= YOUR INSTRUCTIONS =
Please set down the records exactly, keeping every line.

= RECORDS PROVIDED =
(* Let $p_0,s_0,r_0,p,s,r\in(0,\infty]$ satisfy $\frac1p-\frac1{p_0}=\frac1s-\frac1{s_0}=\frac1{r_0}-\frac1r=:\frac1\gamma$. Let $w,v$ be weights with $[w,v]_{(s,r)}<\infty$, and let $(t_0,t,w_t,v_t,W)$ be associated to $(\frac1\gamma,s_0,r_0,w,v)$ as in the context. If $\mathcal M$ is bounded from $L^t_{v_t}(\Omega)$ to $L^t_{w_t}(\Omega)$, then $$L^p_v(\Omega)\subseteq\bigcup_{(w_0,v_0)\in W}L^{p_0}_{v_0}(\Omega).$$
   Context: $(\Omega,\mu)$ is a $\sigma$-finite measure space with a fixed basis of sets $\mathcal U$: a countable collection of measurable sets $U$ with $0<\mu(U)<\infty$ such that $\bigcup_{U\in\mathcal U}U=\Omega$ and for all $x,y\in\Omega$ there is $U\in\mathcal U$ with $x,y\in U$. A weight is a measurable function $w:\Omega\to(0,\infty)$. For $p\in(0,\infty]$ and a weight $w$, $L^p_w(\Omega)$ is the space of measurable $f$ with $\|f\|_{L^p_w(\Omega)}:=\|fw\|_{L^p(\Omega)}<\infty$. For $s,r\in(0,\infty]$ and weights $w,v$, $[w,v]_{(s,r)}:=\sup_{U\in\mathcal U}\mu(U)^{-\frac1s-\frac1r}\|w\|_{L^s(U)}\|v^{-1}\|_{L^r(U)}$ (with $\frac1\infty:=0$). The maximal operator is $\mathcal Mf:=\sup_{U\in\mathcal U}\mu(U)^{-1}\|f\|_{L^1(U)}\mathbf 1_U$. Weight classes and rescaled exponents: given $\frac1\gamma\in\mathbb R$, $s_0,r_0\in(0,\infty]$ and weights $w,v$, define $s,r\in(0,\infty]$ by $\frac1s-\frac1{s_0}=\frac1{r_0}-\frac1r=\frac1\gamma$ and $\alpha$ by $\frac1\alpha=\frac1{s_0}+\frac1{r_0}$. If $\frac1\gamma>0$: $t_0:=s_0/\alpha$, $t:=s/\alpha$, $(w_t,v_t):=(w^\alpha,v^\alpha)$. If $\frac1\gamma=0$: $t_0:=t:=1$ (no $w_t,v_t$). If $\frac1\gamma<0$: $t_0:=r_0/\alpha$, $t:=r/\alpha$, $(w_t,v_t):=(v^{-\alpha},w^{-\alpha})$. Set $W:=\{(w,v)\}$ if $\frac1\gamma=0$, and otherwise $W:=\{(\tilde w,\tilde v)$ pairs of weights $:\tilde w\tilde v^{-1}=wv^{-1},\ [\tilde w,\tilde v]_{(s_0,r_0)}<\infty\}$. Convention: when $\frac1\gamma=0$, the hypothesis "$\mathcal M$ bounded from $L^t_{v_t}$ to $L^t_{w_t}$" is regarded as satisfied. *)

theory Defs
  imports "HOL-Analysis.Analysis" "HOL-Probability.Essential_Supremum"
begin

= SOLUTION FOR THIS EXERCISE =
(* Let $p_0,s_0,r_0,p,s,r\in(0,\infty]$ satisfy $\frac1p-\frac1{p_0}=\frac1s-\frac1{s_0}=\frac1{r_0}-\frac1r=:\frac1\gamma$. Let $w,v$ be weights with $[w,v]_{(s,r)}<\infty$, and let $(t_0,t,w_t,v_t,W)$ be associated to $(\frac1\gamma,s_0,r_0,w,v)$ as in the context. If $\mathcal M$ is bounded from $L^t_{v_t}(\Omega)$ to $L^t_{w_t}(\Omega)$, then $$L^p_v(\Omega)\subseteq\bigcup_{(w_0,v_0)\in W}L^{p_0}_{v_0}(\Omega).$$
   Context: $(\Omega,\mu)$ is a $\sigma$-finite measure space with a fixed basis of sets $\mathcal U$: a countable collection of measurable sets $U$ with $0<\mu(U)<\infty$ such that $\bigcup_{U\in\mathcal U}U=\Omega$ and for all $x,y\in\Omega$ there is $U\in\mathcal U$ with $x,y\in U$. A weight is a measurable function $w:\Omega\to(0,\infty)$. For $p\in(0,\infty]$ and a weight $w$, $L^p_w(\Omega)$ is the space of measurable $f$ with $\|f\|_{L^p_w(\Omega)}:=\|fw\|_{L^p(\Omega)}<\infty$. For $s,r\in(0,\infty]$ and weights $w,v$, $[w,v]_{(s,r)}:=\sup_{U\in\mathcal U}\mu(U)^{-\frac1s-\frac1r}\|w\|_{L^s(U)}\|v^{-1}\|_{L^r(U)}$ (with $\frac1\infty:=0$). The maximal operator is $\mathcal Mf:=\sup_{U\in\mathcal U}\mu(U)^{-1}\|f\|_{L^1(U)}\mathbf 1_U$. Weight classes and rescaled exponents: given $\frac1\gamma\in\mathbb R$, $s_0,r_0\in(0,\infty]$ and weights $w,v$, define $s,r\in(0,\infty]$ by $\frac1s-\frac1{s_0}=\frac1{r_0}-\frac1r=\frac1\gamma$ and $\alpha$ by $\frac1\alpha=\frac1{s_0}+\frac1{r_0}$. If $\frac1\gamma>0$: $t_0:=s_0/\alpha$, $t:=s/\alpha$, $(w_t,v_t):=(w^\alpha,v^\alpha)$. If $\frac1\gamma=0$: $t_0:=t:=1$ (no $w_t,v_t$). If $\frac1\gamma<0$: $t_0:=r_0/\alpha$, $t:=r/\alpha$, $(w_t,v_t):=(v^{-\alpha},w^{-\alpha})$. Set $W:=\{(w,v)\}$ if $\frac1\gamma=0$, and otherwise $W:=\{(\tilde w,\tilde v)$ pairs of weights $:\tilde w\tilde v^{-1}=wv^{-1},\ [\tilde w,\tilde v]_{(s_0,r_0)}<\infty\}$. Convention: when $\frac1\gamma=0$, the hypothesis "$\mathcal M$ bounded from $L^t_{v_t}$ to $L^t_{w_t}$" is regarded as satisfied. *)

theory Defs
  imports "HOL-Analysis.Analysis" "HOL-Probability.Essential_Supremum"
begin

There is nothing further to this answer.